Saved entries

lemma chart_pullback:
  assumes "chart_uv c (s, t) = Some (u, v)"
  shows "chart_weight c (s, t) \<noteq> 0 \<and> chart_E c (s, t) = BP_E u v * chart_weight c (s, t)
         \<and> chart_N \<alpha> c (s, t) = BP_N \<alpha> u v * chart_weight c (s, t)"
proof (cases c)
  case C01
  with assms have nz: "s \<noteq> 0" and u: "u = 1/s" and v: "v = t/s"
    by (auto split: if_splits)
  show ?thesis
    using nz unfolding u v C01 by (simp add: BP_E_def BP_N_def field_simps) algebra
next
  case C71
  with assms have nz: "s \<noteq> 0" "t \<noteq> 0" and u: "u = 1/(s*t)" and v: "v = 1/s"
    by (auto split: if_splits)
  show ?thesis
    using nz unfolding u v C71 by (simp add: BP_E_def BP_N_def field_simps) algebra
next
  case C11
  with assms have nz: "t \<noteq> 0" and u: "u = s" and v: "v = 1/t"
    by (auto split: if_splits)
  show ?thesis
    using nz unfolding u v C11 by (simp add: BP_E_def BP_N_def field_simps) algebra
next
  case C21
  with assms have nz: "s \<noteq> 0" "t \<noteq> 0" and u: "u = 1/t" and v: "v = 1/(s*t^2)"
    by (auto simp: to02_21_def power2_eq_square split: if_splits)
  show ?thesis
    using nz unfolding u v C21 by (simp add: BP_E_def BP_N_def field_simps) algebra
next
  case C22
  with assms have nz: "s \<noteq> 0" "t \<noteq> 0" and u: "u = 1/(s*t)" and v: "v = 1/(s^2*t)"
    by (auto simp: power2_eq_square split: if_splits)
  show ?thesis
    using nz unfolding u v C22 by (simp add: BP_E_def BP_N_def field_simps) algebra
next
  case C31
  \<comment> \<open>\<open>algebra\<close> works in rings, so the factor \<open>1/2 + s t\<close> of the weight is kept as a
    variable \<open>S\<close> tied to \<open>s\<close>, \<open>t\<close> by a division-free equation; likewise below.\<close>
  define S where "S = 1/2 + s*t"
  from assms S_def C31 have nz: "S \<noteq> 0" "t \<noteq> 0" and u: "u = 1/t" and v: "v = 1/(S*t^2)"
    by (auto simp: to02_31_def to02_21_def power2_eq_square mult.assoc split: if_splits)
  have S: "2 * S = 1 + 2 * s * t" by (simp add: S_def)
  show ?thesis
    using nz unfolding u v C31 chart_E.simps chart_N.simps chart_weight.simps S_def[symmetric]
    by (simp add: BP_E_def BP_N_def field_simps) (use S in algebra)
next
  case C32
  define S where "S = 1/2 + s"
  from assms S_def C32 have nz: "S \<noteq> 0" "s \<noteq> 0" "t \<noteq> 0"
    and u: "u = 1/(s*t)" and v: "v = 1/(S * s\<^sup>2 * t\<^sup>2)"
    by (auto simp: to02_21_def power2_eq_square split: if_splits)
  have S: "2 * S = 1 + 2 * s" by (simp add: S_def)
  show ?thesis
    using nz unfolding u v C32 chart_E.simps chart_N.simps chart_weight.simps S_def[symmetric]
    by (simp add: BP_E_def BP_N_def field_simps) (use S in algebra)
next
  case C41
  define S where "S = 1/2 + s*t^2"
  from assms S_def C41 have nz: "S \<noteq> 0" "t \<noteq> 0" and u: "u = 1/t" and v: "v = 1/(S*t^2)"
    by (auto simp: to02_31_def to02_21_def power2_eq_square mult.assoc split: if_splits)
  have S: "2 * S = 1 + 2 * s * t^2" by (simp add: S_def)
  show ?thesis
    using nz unfolding u v C41 chart_E.simps chart_N.simps chart_weight.simps S_def[symmetric]
    by (simp add: BP_E_def BP_N_def field_simps) (use S in algebra)
next
  case C42
  define S where "S = 1/2 + s^2*t"
  from assms S_def C42 have nz: "S \<noteq> 0" "s \<noteq> 0" "t \<noteq> 0"
    and u: "u = 1/(s*t)" and v: "v = 1/(S * s\<^sup>2 * t\<^sup>2)"
    by (auto simp: to02_31_def to02_21_def power2_eq_square mult.assoc split: if_splits)
  have S: "2 * S = 1 + 2 * s^2 * t" by (simp add: S_def)
  show ?thesis
    using nz unfolding u v C42 chart_E.simps chart_N.simps chart_weight.simps S_def[symmetric]
    by (simp add: BP_E_def BP_N_def field_simps) (use S in algebra)
qed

▶ **Problem details**
Out of the preceding entries, pull each line that contains the word "from".

▶ **Task answer**
  from assms S_def C31 have nz: "S \<noteq> 0" "t \<noteq> 0" and u: "u = 1/t" and v: "v = 1/(S*t^2)"
  from assms S_def C32 have nz: "S \<noteq> 0" "s \<noteq> 0" "t \<noteq> 0"
  from assms S_def C41 have nz: "S \<noteq> 0" "t \<noteq> 0" and u: "u = 1/t" and v: "v = 1/(S*t^2)"
  from assms S_def C42 have nz: "S \<noteq> 0" "s \<noteq> 0" "t \<noteq> 0"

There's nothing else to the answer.